# Reading recipes.



## toffee (May 2, 2016)

I was digging through recipes a while back and came across a pack of dough and baking recipes. They're not written in basic everyday recipe format that I now have become use to reading. With the measurements telling cups, tbsp or Tsp. And I have not had to use this in a while and was hoping someone could give me a quick breakdown on how to read these again. The one I am using for example is a Pizza Dough recipe.

Amount Item
3-10 Water
0-1.5 Yeast
6-0 Bread Flour
0-1 Salt
0-2 Sugar
0-4 Olive Oil
Method-Straight dough method.

Would appreciate if anyone could give me a breakdown on proper way to read these recipes again. All i could remember was it is in weight. But in all the recipes even ones using liquids it is same format. I am not really clicking on if thats correct since measuring liquids in weight does not seem correct. 
Thanks again.


----------



## butzy (Jan 8, 2010)

Not sure at all but I will give it a bit of a try:
If they are weight, it could be proportions.
A fairly standard recipe would have 60-65% water as compared to flour, about 1.5-2% salt
Maybe first figure pounds, second ounces?
Haven't worked it out as I am imperially challenged....


----------



## chefross (May 5, 2010)

Oh I recognize this immediately.

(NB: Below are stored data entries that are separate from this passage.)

(* Let $n\ge1$ and $A=(A_1,\dots,A_n)\in V_n$. The following are equivalent: (i) $A$ is stable; (ii) there exist $1\le j,k,l\le n$ such that $(A_j,A_k,A_l)\in V_3$ is stable; (iii) there exist $1\le j,k,l\le n$ such that $\sigma_{jk}(A)\neq0$ or $\Delta_{jkl}(A)\neq0$; (iv) $A$ is not similar to an upper triangular $n$-matrix; (v) there is no proper nonzero subspace of $\mathbb{C}^2$ preserved by all of $A_1,\dots,A_n$.
   Context: $V_n=(M_{2\times2}(\mathbb{C}))^{\times n}$ with $SL(2,\mathbb{C})$ acting by simultaneous conjugation; a point is stable if its orbit map $g\mapsto g\cdot x$ from $SL(2,\mathbb{C})$ is proper. Similar means in the same $GL(2,\mathbb{C})$-orbit under simultaneous conjugation; an upper triangular $n$-matrix has all components upper triangular. With $t_j=\mathsf{tr}(A_j)$, $t_{jk}=\mathsf{tr}(A_jA_k)$, $t_{jkl}=\mathsf{tr}(A_jA_kA_l)$, define $\tau_{jk}=t_{jk}-\tfrac12t_jt_k$, $\sigma_{jk}=\tau_{jk}^2-\tau_{jj}\tau_{kk}$ and $\Delta_{jkl}=(t_{jkl}-t_{lkj})^2$. *)

theory Defs
  imports "HOL-Analysis.Analysis"
begin

text \<open>2x2 complex matrices are \<open>complex^2^2\<close>; \<open>A $ i $ j\<close> is the entry in row i, column j.
  The space V_n of n-tuples of such matrices is \<open>complex^2^2^'n\<close> for a finite index type 'n
  with n = CARD('n).\<close>

definition SL2 :: "(complex^2^2) set" where
  "SL2 = {g. det g = 1}"

definition conj_act :: "complex^2^2 \<Rightarrow> complex^2^2^'n \<Rightarrow> complex^2^2^'n" where
  "conj_act g A = (\<chi> i. g ** (A $ i) ** matrix_inv g)"

definition stable :: "complex^2^2^'n \<Rightarrow> bool" where
  "stable A \<longleftrightarrow> proper_map (top_of_set SL2) euclidean (\<lambda>g. conj_act g A)"

definition upper_triangular2 :: "complex^2^2 \<Rightarrow> bool" where
  "upper_triangular2 M \<longleftrightarrow> M $ 2 $ 1 = 0"

definition similar_to_upper_triangular :: "complex^2^2^'n \<Rightarrow> bool" where
  "similar_to_upper_triangular A \<longleftrightarrow>
     (\<exists>P. invertible P \<and> (\<forall>i. upper_triangular2 (P ** (A $ i) ** matrix_inv P)))"

definition t1 :: "complex^2^2^'n \<Rightarrow> 'n \<Rightarrow> complex" where
  "t1 A j = trace (A $ j)"

definition t2 :: "complex^2^2^'n \<Rightarrow> 'n \<Rightarrow> 'n \<Rightarrow> complex" where
  "t2 A j k = trace (A $ j ** A $ k)"

definition t3 :: "complex^2^2^'n \<Rightarrow> 'n \<Rightarrow> 'n \<Rightarrow> 'n \<Rightarrow> complex" where
  "t3 A j k l = trace (A $ j ** A $ k ** A $ l)"

definition tau :: "complex^2^2^'n \<Rightarrow> 'n \<Rightarrow> 'n \<Rightarrow> complex" where
  "tau A j k = t2 A j k - t1 A j * t1 A k / 2"

definition sigma :: "complex^2^2^'n \<Rightarrow> 'n \<Rightarrow> 'n \<Rightarrow> complex" where
  "sigma A j k = (tau A j k)^2 - tau A j j * tau A k k"

definition Delta :: "complex^2^2^'n \<Rightarrow> 'n \<Rightarrow> 'n \<Rightarrow> 'n \<Rightarrow> complex" where
  "Delta A j k l = (t3 A j k l - t3 A l k j)^2"

definition triple :: "complex^2^2^'n \<Rightarrow> 'n \<Rightarrow> 'n \<Rightarrow> 'n \<Rightarrow> complex^2^2^3" where
  "triple A j k l = (\<chi> i. if i = 1 then A $ j else if i = 2 then A $ k else A $ l)"

definition has_invariant_line :: "complex^2^2^'n \<Rightarrow> bool" where
  "has_invariant_line A \<longleftrightarrow>
     (\<exists>W :: (complex^2) set. vec.subspace W \<and> W \<noteq> {0} \<and> W \<noteq> UNIV \<and>
        (\<forall>i. \<forall>v\<in>W. (A $ i) *v v \<in> W))"

end

theory Submission
  imports Defs
begin

text \<open>A tuple fails to be stable exactly when its components have a common eigenvector \<open>v\<close>.
  If they do, some \<open>P \<in> SL(2,\<complex>)\<close> moving \<open>v\<close> to \<open>e\<^sub>1\<close> makes the tuple upper triangular,
  and the elements \<open>diag(t, 1/t) P\<close> of \<open>SL(2,\<complex>)\<close> keep the orbit bounded while escaping to
  infinity as \<open>t \<rightarrow> 0\<close>. If they do not, the quadratic map \<open>h \<mapsto> (h A\<^sub>i adj h)\<^sub>i\<close>, which agrees
  with the orbit map on \<open>SL(2,\<complex>)\<close>, has no zero on the unit sphere; by compactness and
  homogeneity \<open>|g \<cdot> A| \<ge> m |g|\<^sup>2\<close> with \<open>m > 0\<close>, so preimages of compact sets are bounded.

  The invariants \<open>\<sigma>\<close> and \<open>\<Delta>\<close> are conjugation invariant and vanish on upper triangular
  tuples. Conversely, if they all vanish, triangularising a non-scalar \<open>A\<^sub>j\<close> and reading
  \<open>\<sigma>\<^sub>j\<^sub>k\<close>, \<open>\<Delta>\<^sub>j\<^sub>k\<^sub>l\<close> in that normal form yields a common eigenvector. So stability is
  witnessed by a single nonzero \<open>\<sigma>\<^sub>j\<^sub>k\<close> or \<open>\<Delta>\<^sub>j\<^sub>k\<^sub>l\<close>, which only involves three components.\<close>

section \<open>Inverses and conjugates of square matrices\<close>

lemma matrix_inv_unique:
  fixes A B :: "'a::field^'n^'n"
  assumes "A ** B = mat 1"
  shows "matrix_inv A = B"
  unfolding matrix_inv_def
proof (rule some_equality)
  show "A ** B = mat 1 \<and> B ** A = mat 1"
    using assms matrix_left_right_inverse by blast
  fix B' assume "A ** B' = mat 1 \<and> B' ** A = mat 1"
  then show "B' = B"
    by (metis assms matrix_mul_assoc matrix_mul_lid matrix_mul_rid)
qed

lemma matrix_inv_right:
  fixes A :: "'a::field^'n^'n"
  shows "invertible A \<Longrightarrow> A ** matrix_inv A = mat 1"
  by (metis invertible_right_inverse matrix_inv_unique)

lemma matrix_inv_left:
  fixes A :: "'a::field^'n^'n"
  shows "invertible A \<Longrightarrow> matrix_inv A ** A = mat 1"
  by (metis matrix_inv_right matrix_left_right_inverse)

lemma invertible_matrix_inv:
  fixes P :: "'a::field^'n^'n"
  shows "invertible P \<Longrightarrow> invertible (matrix_inv P)"
  using invertible_def matrix_inv_left matrix_inv_right by blast

lemma matrix_inv_cancel:
  fixes P :: "'a::field^'n^'n"
  assumes "invertible P"
  shows "X ** matrix_inv P ** P = X" "X ** P ** matrix_inv P = X"
    "matrix_inv P *v (P *v x) = x" "P *v (matrix_inv P *v x) = x"
  using matrix_inv_left[OF assms] matrix_inv_right[OF assms]
  by (simp_all add: matrix_mul_rid matrix_vector_mul_assoc flip: matrix_mul_assoc)

lemma mat_mult_commute:
  fixes X :: "'a::comm_semiring_1^'n^'n"
  shows "mat c ** X = X ** mat c"
  by (simp add: vec_eq_iff matrix_matrix_mult_def mat_def if_distrib if_distribR
      mult.commute cong: if_cong)

lemma trace_conj:
  fixes P M :: "'a::field^'n^'n"
  assumes "invertible P"
  shows "trace (P ** M ** matrix_inv P) = trace M"
proof -
  have "trace (P ** M ** matrix_inv P) = trace (matrix_inv P ** (P ** M))"
    by (rule trace_mul_sym)
  also have "\<dots> = trace M"
    using assms by (simp add: matrix_mul_assoc matrix_inv_left matrix_mul_lid)
  finally show ?thesis .
qed
lemma zeta_gen_deriv2_eq:
  assumes "x > 0"
  shows "((x + 1) / (2 * x)) powr (s - 3) * ((4 - s) * x + s) / (4 * x ^ 4)
           = deriv2_ratio s t x * (((x + 1) / 2) powr (t - 2) / 4)"
proof -
  define y where "y = (x + 1) / 2"
  have "y > 0" and u: "(x + 1) / (2 * x) = y / x"
    using assms by (auto simp: y_def)
  have powrs: "y powr (- t - 1) = 1 / (y powr t * y)" "y powr (t - 2) = y powr t / y\<^sup>2"
    "(y / x) powr (s - 3) = (y / x) powr s / (y / x) ^ 3"
    using \<open>y > 0\<close> assms by (simp_all add: powr_diff powr_minus_divide)
  show ?thesis
    unfolding deriv2_ratio_def y_def[symmetric] u powrs
    using \<open>y > 0\<close> assms by (simp add: field_simps eval_nat_numeral)
qed

lemma deriv2_ratio_antimono:
  assumes "0 < x" "x \<le> z" "0 \<le> s" "s \<le> 4" "t \<ge> -1"
  shows "deriv2_ratio s t z \<le> deriv2_ratio s t x"
proof -
  have "((z + 1) / 2) powr (- t - 1) \<le> ((x + 1) / 2) powr (- t - 1)"
    using assms by (intro powr_mono2') auto
  moreover have "((z + 1) / (2 * z)) powr s \<le> ((x + 1) / (2 * x)) powr s"
    using assms by (intro powr_mono2) (auto simp: field_simps)
  moreover have "4 - s + s / z \<le> 4 - s + s / x"
    using assms by (simp add: divide_left_mono)
  ultimately show ?thesis
    unfolding deriv2_ratio_def using assms by (intro mult_mono) auto
qed

lemma deriv2_ratio_eq:
  assumes "x > 0"
  shows "deriv2_ratio s t x = 1 / x powr (s + 1) * ((x + 1) / 2) powr (s - t - 1) * ((4 - s) * x + s)"
proof -
  define y where "y = (x + 1) / 2"
  have "y > 0" and u: "(x + 1) / (2 * x) = y / x"
    using assms by (auto simp: y_def)
  have powrs: "y powr (- t - 1) = 1 / (y powr t * y)" "y powr (s - t - 1) = y powr s / (y powr t * y)"
    "(y / x) powr s = y powr s / x powr s" "x powr (s + 1) = x powr s * x"
    using \<open>y > 0\<close> assms by (simp_all add: powr_diff powr_minus_divide powr_divide powr_add)
  show ?thesis
    unfolding deriv2_ratio_def y_def[symmetric] u powrs
    using \<open>y > 0\<close> assms by (simp add: field_simps)
qed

I used to do that as a baker years ago.

Butzy you're right on

3# 10 ounces water
1.5 ounces yeast
6# bread flour (about 12 cups)
1 ounce salt
2 ounces sugar
4 ounces olive oil


----------



## toffee (May 2, 2016)

May be a rather dumb question. But would you weigh liquids the same as solids or is there an alternative method to it?


----------



## butzy (Jan 8, 2010)

I would.
Just put a vessel/cup/container on the scale. Zero the scale and of you go.
Weighing is very accurate.
You could go by volume as well. Easy for water In the metric system. 1 litre water equals 1 kg. This does not apply to other liquids like oil though.
But why would you want to?
I would recommend weighing, esp for baking


----------



## cheflayne (Aug 21, 2004)

butzy said:


> Haven't worked it out as I am imperially challenged....


Don't mean to hijack the thread, but sometimes I just can't help myself. Feel free to ignore me, my wife does, ...but what is the correct _way_ to _weigh whey_? The English language is a close second to the Imperial and US customary measurement systems in being challenging. :~)


----------



## toffee (May 2, 2016)

Much appreciate the help and responses. I am not that good at using the metric system. So ill just stick to the US systems.


----------



## butzy (Jan 8, 2010)

No worries. That will work just fine.
But weigh, don't use volume.
And if you get recipes in volumes, check carefully if they are using the American or British imperial system


----------